Married to the Corps

August 16, 1993

Rep. Patricia Schroeder said after it was revealed that the Marine Corps wanted to ban married recruits, "If they are not allowed to be homosexuals, and they're not allowed to be married, what are they supposed to do, take cold showers?"

It is pretty easy to have fun with the Marines on this. Certainly, the way the attempt at policy change was handled was inept. The order was issued before the commandant had cleared it with the secretary of the Navy or the secretary of Defense. So no sooner had the directive gone out than it was rescinded.
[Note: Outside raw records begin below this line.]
lemma set_decode_xor_empty_iff: "set_decode (x XOR y) = {} \<longleftrightarrow> x = y"
  by (auto simp: set_decode_xor) (metis set_decode_inverse)

lemma finite_bounded_support: "finite W \<Longrightarrow> finite {x. set_decode x \<subseteq> W}"
proof -
  assume "finite W"
  have "{x. set_decode x \<subseteq> W} \<subseteq> set_encode ` Pow W"
    by (metis (mono_tags, lifting) PowI image_eqI mem_Collect_eq set_decode_inverse subsetI)
  then show ?thesis using \<open>finite W\<close> by (simp add: finite_subset)
qed

lemma group_xor_group: "group xor_group"
proof (rule groupI)
  show "\<exists>y\<in>carrier xor_group. y \<otimes>\<^bsub>xor_group\<^esub> x = \<one>\<^bsub>xor_group\<^esub>" for x
    by (intro bexI[of _ x]) simp_all
qed (simp_all add: xor.assoc)

lemma xor_group_inv [simp]: "inv\<^bsub>xor_group\<^esub> x = x"
  by (rule group.inv_equality[OF group_xor_group]) simp_all

text \<open>Every element of the subgroup generated by \<open>S\<close> has support inside the union of the
  supports of \<open>S\<close>, so finitely generated subgroups are finite.\<close>

lemma locally_finite_xor_group: "locally_finite_group xor_group"
  unfolding locally_finite_group_def
proof (intro conjI allI impI group_xor_group)
  fix S :: "nat set"
  assume "S \<subseteq> carrier xor_group \<and> finite S"
  then have "finite (\<Union> (set_decode ` S))" by simp
  moreover have "generate xor_group S \<subseteq> {x. set_decode x \<subseteq> \<Union> (set_decode ` S)}"
  proof
    fix g assume "g \<in> generate xor_group S"
    then show "g \<in> {x. set_decode x \<subseteq> \<Union> (set_decode ` S)}"
      by (induction rule: generate.induct) (use set_decode_xor_subset in fastforce)+
  qed
  ultimately show "finite (generate xor_group S)"
    using finite_bounded_support finite_subset by blast
qed

section \<open>Block norms on finite sets\<close>

text \<open>Because \<open>ln\<close> is subadditive on \<open>1 + k\<close> and only costs \<open>ln 2\<close> when counts are
  added, the norm is subadditive and ultrametric up to the additive constant \<open>ln 2\<close>.\<close>

definition count_weight :: "nat \<Rightarrow> nat \<Rightarrow> real" where
  "count_weight J k = (if k = 0 then 0 else real J + 1 + ln (1 + real k))"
But what about the substance of the order? Was it "outrageous," as Representative Schroeder also said? Not at all, in our view. She is on the House Armed Services Committee, so she must know that the corps has been having a problem with married first-tour Marines. Typically these are 18-, 19- and 20-year-old males, with even younger wives. Duty often imposes 24-hour-a day obligations ("married to the corps"). Also the couples are often separated for longer periods as the Marines are sent where family can't follow. Many young people do not have the maturity to handle that. Many also are unable to manage family life on the very tight budgets junior enlisted families have to observe.

According to the corps, many of these Marines have such severe domestic problems that their marriages end in divorce. These Marines become a morale, and therefore a readiness, problem for the corps. Most young first-tour married Marines who don't divorce don't re-enlist, either. They become a lost resource and a poor investment. So the ban on married recruits and a policy of counseling against marriage to young Marines makes sense from the perspective of the corps -- and of taxpayers.
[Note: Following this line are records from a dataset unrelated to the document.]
section \<open>Prior and posterior precision of the tree model\<close>

definition post_prec ::
    "('n \<Rightarrow> 'n) \<Rightarrow> ('n::finite \<Rightarrow> real) \<Rightarrow> real \<Rightarrow> ('n \<times> real) list \<Rightarrow> real^'n^'n" where
  "post_prec pa s0 s H = matrix_inv (prior_cov pa s0) + diag_mat (\<lambda>i. real (pulls H i) / s^2)"

lemma post_cov_eq: "post_cov pa s0 s H = matrix_inv (post_prec pa s0 s H)"
  by (simp add: post_cov_def post_prec_def diag_mat_def)

locale finite_rooted_tree = rooted_tree r pa for r :: "'n::finite" and pa
begin

definition increment_mat :: "real^'n^'n" where
  "increment_mat = (\<chi> i j. (if j = i then 1 else 0) - (if i \<noteq> r \<and> j = pa i then 1 else 0))"

definition ancestor_mat :: "real^'n^'n" where
  "ancestor_mat = (\<chi> i k. if k \<in> ancestors pa i then 1 else 0)"

lemma increment_mat_mult_vec: "(increment_mat *v y) $ i = y $ i - (if i = r then 0 else y $ pa i)"
proof -
  have "(increment_mat *v y) $ i
      = (\<Sum>j\<in>UNIV. ((if j = i then 1 else 0) - (if i \<noteq> r \<and> j = pa i then 1 else 0)) * y $ j)"
    unfolding increment_mat_def matrix_vector_mult_def by simp
  also have "\<dots> = (\<Sum>j\<in>UNIV. if j = i then y $ j else 0)
      - (\<Sum>j\<in>UNIV. if i \<noteq> r \<and> j = pa i then y $ j else 0)"
    unfolding sum_subtractf[symmetric] by (intro sum.cong) auto
  finally show ?thesis
    by (cases "i = r") simp_all
qed

lemma transpose_increment_mat_mult_vec:
  "(transpose increment_mat *v z) $ v = z $ v - (\<Sum>i\<in>children r pa v. z $ i)"
proof -
  have "(transpose increment_mat *v z) $ v
      = (\<Sum>i\<in>UNIV. ((if v = i then 1 else 0) - (if i \<noteq> r \<and> v = pa i then 1 else 0)) * z $ i)"
    unfolding increment_mat_def transpose_def matrix_vector_mult_def by simp
  also have "\<dots> = (\<Sum>i\<in>UNIV. if i = v then z $ i else 0)
      - (\<Sum>i\<in>UNIV. if i \<in> children r pa v then z $ i else 0)"
    unfolding sum_subtractf[symmetric] by (intro sum.cong) (auto simp: children_def)
  finally show ?thesis
    by (simp add: sum.If_cases)
qed

lemma increment_mat_ancestor_mat: "increment_mat ** ancestor_mat = mat 1"
proof -
  have "(increment_mat *v column k ancestor_mat) $ i = mat 1 $ i $ k" for i k
  proof (cases "i = r")
    case True
    then show ?thesis
      by (simp add: increment_mat_mult_vec column_def ancestor_mat_def ancestors_root mat_def)
  next
    case False
    then show ?thesis
      using not_in_ancestors_pa[OF False] ancestors_pa[where i = i]
      by (auto simp add: increment_mat_mult_vec column_def ancestor_mat_def mat_def)
  qed
  then show ?thesis
    by (simp add: vec_eq_iff matrix_matrix_mult_def matrix_vector_mult_def column_def)
qed

lemma prior_cov_eq: "prior_cov pa s0 = ancestor_mat ** diag_mat (\<lambda>k. (s0 k)^2) ** transpose ancestor_mat"
proof -
  have "(ancestor_mat ** diag_mat (\<lambda>k. (s0 k)^2) ** transpose ancestor_mat) $ i $ j
      = (\<Sum>k\<in>UNIV. if k \<in> ancestors pa i \<inter> ancestors pa j then (s0 k)^2 else 0)" for i j
  proof -
    have "(ancestor_mat ** diag_mat (\<lambda>k. (s0 k)^2) ** transpose ancestor_mat) $ i $ j
        = (\<Sum>k\<in>UNIV. (ancestor_mat ** diag_mat (\<lambda>k. (s0 k)^2)) $ i $ k * transpose ancestor_mat $ k $ j)"
      by (simp add: matrix_matrix_mult_def[of "ancestor_mat ** _"])
    then show ?thesis
      by (auto simp add: mult_diag_mat transpose_def ancestor_mat_def intro!: sum.cong)
  qed
  then show ?thesis
    by (simp add: prior_cov_def vec_eq_iff sum.If_cases Int_def)
qed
An ACLU official labels the proposal "intrusive meddling." It would be in most civilian and private organizations. But the military is different. It has always placed restrictions on personal activity and status that Congress, the courts and the public have accepted as realistic.

For example, Beverly Byron, the former Maryland representative who chaired the House Armed Services Committee's personnel subcommittee, points out that the military academies are for singles only. You don't get accepted unless you're single, and you get kicked out if you get married before you graduate. What's so wrong with having the same rule for first-tour enlisted recruits?

Secretary of Defense Les Aspin says the Pentagon will now review the rescinded proposal. It should. And if, as seems likely, the reviewers come to the same conclusion as before, the corps, on readiness grounds, should not hesitate to ask for permission to re-issue the order. And the civilian leadership of the military should not, on political grounds, be afraid to grant permission.